lemma H2_measurable_product:
  assumes BM: "brownian_motion M T B" and T: "T \<ge> 0" and a: "a \<in> H2 M T B"
  shows "(\<lambda>(\<omega>, t). indicator {0..T} t * a t \<omega>) \<in> borel_measurable (M \<Otimes>\<^sub>M lborel)"
proof -
  define \<Omega> where "\<Omega> = {0..T} \<times> space M"
  have \<Omega>: "\<Omega> \<in> sets (lborel \<Otimes>\<^sub>M M)"
    unfolding \<Omega>_def by auto
  have "(\<lambda>(t, \<omega>). a t \<omega>) \<in> measurable (predictable_sigma M T B) borel"
    using a unfolding H2_def by auto
  also have "measurable (predictable_sigma M T B) borel \<subseteq> measurable (restrict_space (lborel \<Otimes>\<^sub>M M) \<Omega>) borel"
    using sets_predictable_sigma_subset[OF BM T]
    by (intro measurable_mono) (auto simp: \<Omega>_def space_restrict_space2[OF \<Omega>[unfolded \<Omega>_def]])
  finally have "(\<lambda>x. if x \<in> \<Omega> then (\<lambda>(t, \<omega>). a t \<omega>) x else 0) \<in> borel_measurable (lborel \<Otimes>\<^sub>M M)"
    using \<Omega> by (subst (asm) measurable_restrict_space_iff) auto
  then have "(\<lambda>(\<omega>, t). (\<lambda>x. if x \<in> \<Omega> then (\<lambda>(t, \<omega>). a t \<omega>) x else 0) (t, \<omega>)) \<in> borel_measurable (M \<Otimes>\<^sub>M lborel)"
    by (subst (asm) measurable_pair_swap_iff) simp
  then show ?thesis
    by (rule measurable_cong[THEN iffD1, rotated]) (auto simp: \<Omega>_def space_pair_measure)
qed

※ ※ ※

• _What to work on_:
Beginning with the line that contains "sets (lborel \<Otimes>\<^sub>M", return every line through the end of the data above, exactly as written.

• _Response to this exercise_:
  have \<Omega>: "\<Omega> \<in> sets (lborel \<Otimes>\<^sub>M M)"
    unfolding \<Omega>_def by auto
  have "(\<lambda>(t, \<omega>). a t \<omega>) \<in> measurable (predictable_sigma M T B) borel"
    using a unfolding H2_def by auto
  also have "measurable (predictable_sigma M T B) borel \<subseteq> measurable (restrict_space (lborel \<Otimes>\<^sub>M M) \<Omega>) borel"
    using sets_predictable_sigma_subset[OF BM T]
    by (intro measurable_mono) (auto simp: \<Omega>_def space_restrict_space2[OF \<Omega>[unfolded \<Omega>_def]])
  finally have "(\<lambda>x. if x \<in> \<Omega> then (\<lambda>(t, \<omega>). a t \<omega>) x else 0) \<in> borel_measurable (lborel \<Otimes>\<^sub>M M)"
    using \<Omega> by (subst (asm) measurable_restrict_space_iff) auto
  then have "(\<lambda>(\<omega>, t). (\<lambda>x. if x \<in> \<Omega> then (\<lambda>(t, \<omega>). a t \<omega>) x else 0) (t, \<omega>)) \<in> borel_measurable (M \<Otimes>\<^sub>M lborel)"
    by (subst (asm) measurable_pair_swap_iff) simp
  then show ?thesis
    by (rule measurable_cong[THEN iffD1, rotated]) (auto simp: \<Omega>_def space_pair_measure)
qed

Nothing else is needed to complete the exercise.